The media journal is designated for reviews and reference for movies, books, videogames, and music. It'll be more of a creative journal and scrapbook, as opposed to my glossary which will be mainly writing and charts. I want to engage more with the media I consume, and I'm looking forward to color coding my table of contents for what medium I'm writing about, and to have a place for the aforementioned shiny hunting recipes for Pokemon games. I recently rewatched one of my favorite shows, and I'm planning a small scrapbook spread for it, along with thoughts about what more I noticed watching it a second time.

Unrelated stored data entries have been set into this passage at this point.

text \<open>A first-order differential calculus over CS3 carried by the type 'w:
  complex scalar multiplication sc, left action lm, right action rm,
  differential d.\<close>
definition fodc :: "(complex \<Rightarrow> 'w::ab_group_add \<Rightarrow> 'w)
    \<Rightarrow> (((nat \<Rightarrow> nat) \<Rightarrow> complex) \<Rightarrow> 'w \<Rightarrow> 'w)
    \<Rightarrow> ('w \<Rightarrow> ((nat \<Rightarrow> nat) \<Rightarrow> complex) \<Rightarrow> 'w)
    \<Rightarrow> (((nat \<Rightarrow> nat) \<Rightarrow> complex) \<Rightarrow> 'w) \<Rightarrow> bool" where
  "fodc sc lm rm d \<longleftrightarrow>
     (\<forall>c x y. sc c (x + y) = sc c x + sc c y) \<and>
     (\<forall>c e x. sc (c + e) x = sc c x + sc e x) \<and>
     (\<forall>c e x. sc c (sc e x) = sc (c * e) x) \<and>
     (\<forall>x. sc 1 x = x) \<and>
     (\<forall>a\<in>CS3. \<forall>x y. lm a (x + y) = lm a x + lm a y \<and> rm (x + y) a = rm x a + rm y a) \<and>
     (\<forall>a\<in>CS3. \<forall>b\<in>CS3. \<forall>x. lm (alg_add a b) x = lm a x + lm b x \<and> rm x (alg_add a b) = rm x a + rm x b) \<and>
     (\<forall>a\<in>CS3. \<forall>c x. lm (alg_scale c a) x = sc c (lm a x) \<and> rm x (alg_scale c a) = sc c (rm x a)
        \<and> lm a (sc c x) = sc c (lm a x) \<and> rm (sc c x) a = sc c (rm x a)) \<and>
     (\<forall>a\<in>CS3. \<forall>b\<in>CS3. \<forall>x. lm (conv a b) x = lm a (lm b x) \<and> rm x (conv a b) = rm (rm x a) b
        \<and> lm a (rm x b) = rm (lm a x) b) \<and>
     (\<forall>x. lm (delta id) x = x \<and> rm x (delta id) = x) \<and>
     (\<forall>a\<in>CS3. \<forall>b\<in>CS3. d (alg_add a b) = d a + d b) \<and>
     (\<forall>a\<in>CS3. \<forall>c. d (alg_scale c a) = sc c (d a)) \<and>
     (\<forall>a\<in>CS3. \<forall>b\<in>CS3. d (conv a b) = lm a (d b) + rm (d a) b) \<and>
     (\<forall>x. \<exists>l. set l \<subseteq> CS3 \<times> CS3 \<and> x = sum_list (map (\<lambda>(a,b). lm a (d b)) l))"

text \<open>Since CS3 has the basis S3, an element of CS3 \<otimes> Omega (resp. Omega \<otimes> CS3)
  is uniquely sum_{g in S3} g \<otimes> w_g (resp. sum_g w_g \<otimes> g) and is represented by the
  function g \<mapsto> w_g on S3.  dL, dR represent the left and right coactions in this way.
  Coproduct: Delta g = g \<otimes> g, counit eps g = 1.\<close>
definition bicovariant_fodc :: "(complex \<Rightarrow> 'w::ab_group_add \<Rightarrow> 'w)
    \<Rightarrow> (((nat \<Rightarrow> nat) \<Rightarrow> complex) \<Rightarrow> 'w \<Rightarrow> 'w)
    \<Rightarrow> ('w \<Rightarrow> ((nat \<Rightarrow> nat) \<Rightarrow> complex) \<Rightarrow> 'w)
    \<Rightarrow> (((nat \<Rightarrow> nat) \<Rightarrow> complex) \<Rightarrow> 'w)
    \<Rightarrow> ('w \<Rightarrow> (nat \<Rightarrow> nat) \<Rightarrow> 'w) \<Rightarrow> ('w \<Rightarrow> (nat \<Rightarrow> nat) \<Rightarrow> 'w) \<Rightarrow> bool" where
  "bicovariant_fodc sc lm rm d dL dR \<longleftrightarrow>
     fodc sc lm rm d \<and>
     \<comment> \<open>linearity of the coactions\<close>
     (\<forall>x y. \<forall>g\<in>S3. dL (x + y) g = dL x g + dL y g \<and> dR (x + y) g = dR x g + dR y g) \<and>
     (\<forall>c x. \<forall>g\<in>S3. dL (sc c x) g = sc c (dL x g) \<and> dR (sc c x) g = sc c (dR x g)) \<and>
     \<comment> \<open>coassociativity: (id\<otimes>dL)dL = (Delta\<otimes>id)dL and (dR\<otimes>id)dR = (id\<otimes>Delta)dR\<close>
     (\<forall>x. \<forall>g\<in>S3. \<forall>h\<in>S3. dL (dL x g) h = (if h = g then dL x g else 0)) \<and>
     (\<forall>x. \<forall>g\<in>S3. \<forall>h\<in>S3. dR (dR x g) h = (if h = g then dR x g else 0)) \<and>
     \<comment> \<open>counit: (eps\<otimes>id)dL = id and (id\<otimes>eps)dR = id\<close>
     (\<forall>x. (\<Sum>g\<in>S3. dL x g) = x \<and> (\<Sum>g\<in>S3. dR x g) = x) \<and>
     \<comment> \<open>the coactions commute: (id\<otimes>dR)dL = (dL\<otimes>id)dR\<close>
     (\<forall>x. \<forall>g\<in>S3. \<forall>h\<in>S3. dR (dL x g) h = dL (dR x h) g) \<and>
     \<comment> \<open>bicovariant bimodule: dL(a x b) = Delta(a) dL(x) Delta(b), same for dR\<close>
     (\<forall>a\<in>CS3. \<forall>b\<in>CS3. \<forall>x. \<forall>g\<in>S3.
        dL (rm (lm a x) b) g =
          (\<Sum>h\<in>S3. \<Sum>k\<in>S3. sc (a h * b k) (rm (lm (delta h) (dL x (inv h \<circ> g \<circ> inv k))) (delta k))) \<and>
        dR (rm (lm a x) b) g =
          (\<Sum>h\<in>S3. \<Sum>k\<in>S3. sc (a h * b k) (rm (lm (delta h) (dR x (inv h \<circ> g \<circ> inv k))) (delta k)))) \<and>
     \<comment> \<open>dL(x dy) = Delta(x)(id\<otimes>d)Delta(y), dR(x dy) = Delta(x)(d\<otimes>id)Delta(y)\<close>
     (\<forall>a\<in>CS3. \<forall>b\<in>CS3. \<forall>g\<in>S3.
        dL (lm a (d b)) g = (\<Sum>h\<in>S3. sc (a h * b (inv h \<circ> g)) (lm (delta h) (d (delta (inv h \<circ> g))))) \<and>
        dR (lm a (d b)) g = (\<Sum>h\<in>S3. sc (a h * b (inv h \<circ> g)) (lm (delta h) (d (delta (inv h \<circ> g))))))"

definition calc_iso :: "(((nat \<Rightarrow> nat) \<Rightarrow> complex) \<Rightarrow> complex^'n^'n) \<Rightarrow> complex^'n^'n
    \<Rightarrow> (complex \<Rightarrow> 'w::ab_group_add \<Rightarrow> 'w)
    \<Rightarrow> (((nat \<Rightarrow> nat) \<Rightarrow> complex) \<Rightarrow> 'w \<Rightarrow> 'w)
    \<Rightarrow> ('w \<Rightarrow> ((nat \<Rightarrow> nat) \<Rightarrow> complex) \<Rightarrow> 'w)
    \<Rightarrow> (((nat \<Rightarrow> nat) \<Rightarrow> complex) \<Rightarrow> 'w) \<Rightarrow> (complex^'n^'n \<Rightarrow> 'w) \<Rightarrow> bool" where
  "calc_iso \<pi> D sc lm rm d \<phi> \<longleftrightarrow>
     bij_betw \<phi> (OmegaD \<pi> D) UNIV \<and>
     (\<forall>x\<in>OmegaD \<pi> D. \<forall>y\<in>OmegaD \<pi> D. \<phi> (x + y) = \<phi> x + \<phi> y) \<and>
     (\<forall>c. \<forall>x\<in>OmegaD \<pi> D. \<phi> (mscale c x) = sc c (\<phi> x)) \<and>
     (\<forall>a\<in>CS3. \<forall>x\<in>OmegaD \<pi> D. \<phi> (\<pi> a ** x) = lm a (\<phi> x) \<and> \<phi> (x ** \<pi> a) = rm (\<phi> x) a) \<and>
     (\<forall>a\<in>CS3. \<phi> (dD \<pi> D a) = d a)"

end

theory Submission
  imports Defs "HOL-Library.Function_Algebras"
begin

text \<open>Let e be the central idempotent of CS3 cutting out the block M2(C).
  On the spectral triple side, every X in Omega_D anticommutes with \<gamma> and commutes with the
  opposite representation. Since \<gamma> is a sum of terms \<pi>(p) \<pi>0(q) and commutes with \<pi>, it may be
  averaged over conjugation by the group, turning each p into a central element, which acts on
  the range of \<pi>(e) by a scalar. So on that range \<gamma> acts like an element commuting with X,
  and \<pi>(e) X \<pi>(e) both commutes and anticommutes with the invertible \<gamma>: it vanishes.
  On the Hopf algebra side, a left-covariant bimodule is spanned by left translates of
  left-invariant forms y, and the left coaction of e y e at the identity is
  (4 y + c y c\<inverse> + c\<inverse> y c) / 9 for a 3-cycle c. If e y e = 0 for all y, this invertible
  circulant system forces every left-invariant form, hence the whole bimodule, to vanish.
  An isomorphism would transport e Omega_D e = 0, so Omega_D would be zero.\<close>

definition rot :: "nat \<Rightarrow> nat" where
  "rot = (\<lambda>n. if n = 0 then 1 else if n = 1 then 2 else if n = 2 then 0 else n)"
definition rot2 :: "nat \<Rightarrow> nat" where
  "rot2 = (\<lambda>n. if n = 0 then 2 else if n = 1 then 0 else if n = 2 then 1 else n)"
definition swap01 :: "nat \<Rightarrow> nat" where
  "swap01 = (\<lambda>n. if n = 0 then 1 else if n = 1 then 0 else n)"
definition swap02 :: "nat \<Rightarrow> nat" where
  "swap02 = (\<lambda>n. if n = 0 then 2 else if n = 2 then 0 else n)"
definition swap12 :: "nat \<Rightarrow> nat" where
  "swap12 = (\<lambda>n. if n = 1 then 2 else if n = 2 then 1 else n)"

lemmas S3_elem_defs = rot_def rot2_def swap01_def swap02_def swap12_def

lemma fun_neq_at: "f n \<noteq> g n \<Longrightarrow> f \<noteq> g"
  by auto

lemma S3_elems_distinct [simp]:
  "rot \<noteq> id" "rot2 \<noteq> id" "swap01 \<noteq> id" "swap02 \<noteq> id" "swap12 \<noteq> id"
  "id \<noteq> rot" "id \<noteq> rot2" "id \<noteq> swap01" "id \<noteq> swap02" "id \<noteq> swap12"
  "rot \<noteq> rot2" "rot \<noteq> swap01" "rot \<noteq> swap02" "rot \<noteq> swap12"
  "rot2 \<noteq> rot" "rot2 \<noteq> swap01" "rot2 \<noteq> swap02" "rot2 \<noteq> swap12"
  "swap01 \<noteq> rot" "swap01 \<noteq> rot2" "swap01 \<noteq> swap02" "swap01 \<noteq> swap12"
  "swap02 \<noteq> rot" "swap02 \<noteq> rot2" "swap02 \<noteq> swap01" "swap02 \<noteq> swap12"
  "swap12 \<noteq> rot" "swap12 \<noteq> rot2" "swap12 \<noteq> swap01" "swap12 \<noteq> swap02"
  by (rule fun_neq_at[of _ 0] fun_neq_at[of _ 1]; simp add: S3_elem_defs)+

lemma S3_mult_table [simp]:
  "rot \<circ> rot = rot2"       "rot \<circ> rot2 = id"        "rot \<circ> swap01 = swap02"
  "rot \<circ> swap02 = swap12"  "rot \<circ> swap12 = swap01"
  "rot2 \<circ> rot = id"        "rot2 \<circ> rot2 = rot"       "rot2 \<circ> swap01 = swap12"
  "rot2 \<circ> swap02 = swap01" "rot2 \<circ> swap12 = swap02"
  "swap01 \<circ> rot = swap12"  "swap01 \<circ> rot2 = swap02" "swap01 \<circ> swap01 = id"
  "swap01 \<circ> swap02 = rot2" "swap01 \<circ> swap12 = rot"
  "swap02 \<circ> rot = swap01"  "swap02 \<circ> rot2 = swap12" "swap02 \<circ> swap01 = rot"
  "swap02 \<circ> swap02 = id"   "swap02 \<circ> swap12 = rot2"
  "swap12 \<circ> rot = swap02"  "swap12 \<circ> rot2 = swap01" "swap12 \<circ> swap01 = rot2"
  "swap12 \<circ> swap02 = rot"  "swap12 \<circ> swap12 = id"
  by (rule ext, simp add: S3_elem_defs)+
lemma bnd_ok_inst: "bnd_ok (Suc k) \<phi> \<Longrightarrow> is_term t \<Longrightarrow> bnd_ok k (inst k t \<phi>)"
proof (induction \<phi> arbitrary: k)
  case (Eq a b) then show ?case by (cases a; cases b; cases t) auto
next
  case (Mem a b) then show ?case by (cases a; cases b; cases t) auto
qed auto

lemma bnd_ok_abst: "bnd_ok k \<phi> \<Longrightarrow> bnd_ok (Suc k) (abst k x \<phi>)"
proof (induction \<phi> arbitrary: k)
  case (Eq a b) then show ?case by (cases a; cases b) auto
next
  case (Mem a b) then show ?case by (cases a; cases b) auto
qed auto

lemma lc_simps [simp]:
  "lc (Conj \<phi> \<psi>) \<longleftrightarrow> lc \<phi> \<and> lc \<psi>"
  "lc (Imp \<phi> \<psi>) \<longleftrightarrow> lc \<phi> \<and> lc \<psi>"
  "lc (Neg \<phi>) \<longleftrightarrow> lc \<phi>"
  by (simp_all add: lc_def)

lemma deriv_lc: "deriv \<Gamma> \<psi> \<Longrightarrow> (\<forall>\<gamma>\<in>set \<Gamma>. lc \<gamma>) \<and> lc \<psi>"
proof (induction rule: deriv.induct)
  case (all_intro \<Gamma> \<phi> x) then show ?case by (auto simp: lc_def intro: bnd_ok_abst)
next
  case (all_elim \<Gamma> \<phi> t) then show ?case by (auto simp: lc_def intro: bnd_ok_inst)
qed auto

locale nom_valuation = complete_orthomodular neg for neg :: "'q::complete_lattice \<Rightarrow> 'q" +
  fixes I :: "'c fm \<Rightarrow> 'q"
  assumes I_conj: "\<And>\<phi> \<psi>. closed (Conj \<phi> \<psi>) \<Longrightarrow> I (Conj \<phi> \<psi>) = inf (I \<phi>) (I \<psi>)"
    and I_neg: "\<And>\<phi>. closed (Neg \<phi>) \<Longrightarrow> I (Neg \<phi>) = neg (I \<phi>)"
    and I_imp: "\<And>\<phi> \<psi>. closed (Imp \<phi> \<psi>) \<Longrightarrow>
                  I (Imp \<phi> \<psi>) = sup (neg (I \<phi>)) (inf (I \<phi>) (I \<psi>))"
    and I_all: "\<And>\<phi>. closed (All \<phi>) \<Longrightarrow> I (All \<phi>) = (INF u. I (inst 0 (Cst u) \<phi>))"
begin

lemma I_ground_Conj:
  "lc (Conj \<phi> \<psi>) \<Longrightarrow> I (ground \<sigma> (Conj \<phi> \<psi>)) = inf (I (ground \<sigma> \<phi>)) (I (ground \<sigma> \<psi>))"
  using closed_ground[of "Conj \<phi> \<psi>" \<sigma>] by (simp add: I_conj)

lemma I_ground_Neg: "lc (Neg \<phi>) \<Longrightarrow> I (ground \<sigma> (Neg \<phi>)) = neg (I (ground \<sigma> \<phi>))"
  using closed_ground[of "Neg \<phi>" \<sigma>] by (simp add: I_neg)

lemma I_ground_Imp:
  "lc (Imp \<phi> \<psi>) \<Longrightarrow> I (ground \<sigma> (Imp \<phi> \<psi>)) = sasaki_imp neg (I (ground \<sigma> \<phi>)) (I (ground \<sigma> \<psi>))"
  using closed_ground[of "Imp \<phi> \<psi>" \<sigma>] by (simp add: I_imp sasaki_imp_def)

In my already existing journals, I've tweaked a few things, such as adding a sleep tracker in my planner, officially establishing my commonplace journal, and trying a different and much larger size for my catch-all; an 8.5x11 inch journal with two ribbon bookmarks, a velvety smooth emerald green cover, and 400 dot grid pages. A little different than my previous two A5, 300 page journals. Considering that I will be using the new catch-all as I did my previous ones, she's about to be thiccc (← three c's).
This system is a more structured way of doing what I was already doing, where the information I record while out in the wild is funneled into more manageable, findable, pieces of information. Ideally, things will be transferred from my traveler's notebook inserts into my catch-all, where it will then be funneled into my glossary, my war binder, or my media journal. I like to think I've gone from my weird soupy swampy pond into a marsh, where the cranes and herons glide over the whispering waters and the tall grasses teem with life.
Will I be journaling more often? Yes. Will this take more of my time? Absolutely. Is it redundant? Slightly. But that's the point. I'd rather spend time sorting thoughts, recording things that inspire me, and putting them to memory, than to be at the mercy of a predatory algorithm full of AI slop, ragebait, and draining content about clothing hauls and poorly written skits posted by severely out-of-touch influencers doing their darndest to seem relatable. Not that there isn't substance online, but when you do find it, the algorithm keeps it from you? For some reason? Shareholder growth, or whatever.
Anyway, here's to combating The Big Rot™ with Anti-Rot™ and using our brains!
I'll end this with a quote I wrote down in my common-place journal (😏) from a YouTube video I discovered recently from a woman who's kept a journal for over 40 years, emphasis added.
"a couple people wrote that they had actually been accused of being narcissistic for keeping a journal. And that to me is probably the most heartbreaking, because, I mean we can go back to antiquity and find people like Socrates who has said 'the unexamined life is not worth living.' I think that the moral there is that keeping a journal isn't an act of narcissism. It is an act of trying to understand the world around you and figuring out how you fit into it and how you can improve yourself to be of better service to others. It is such a shame for people who feel as though this is somehow a selfish act, that this is somehow a narcissistic thing to do. For me, this is self-care of the highest order.... but don't let the fear of an invasion of privacy steal your voice."
~ in short, a bog is acidic, a marsh is not, and a swamp is a marsh in a forest. The more you know.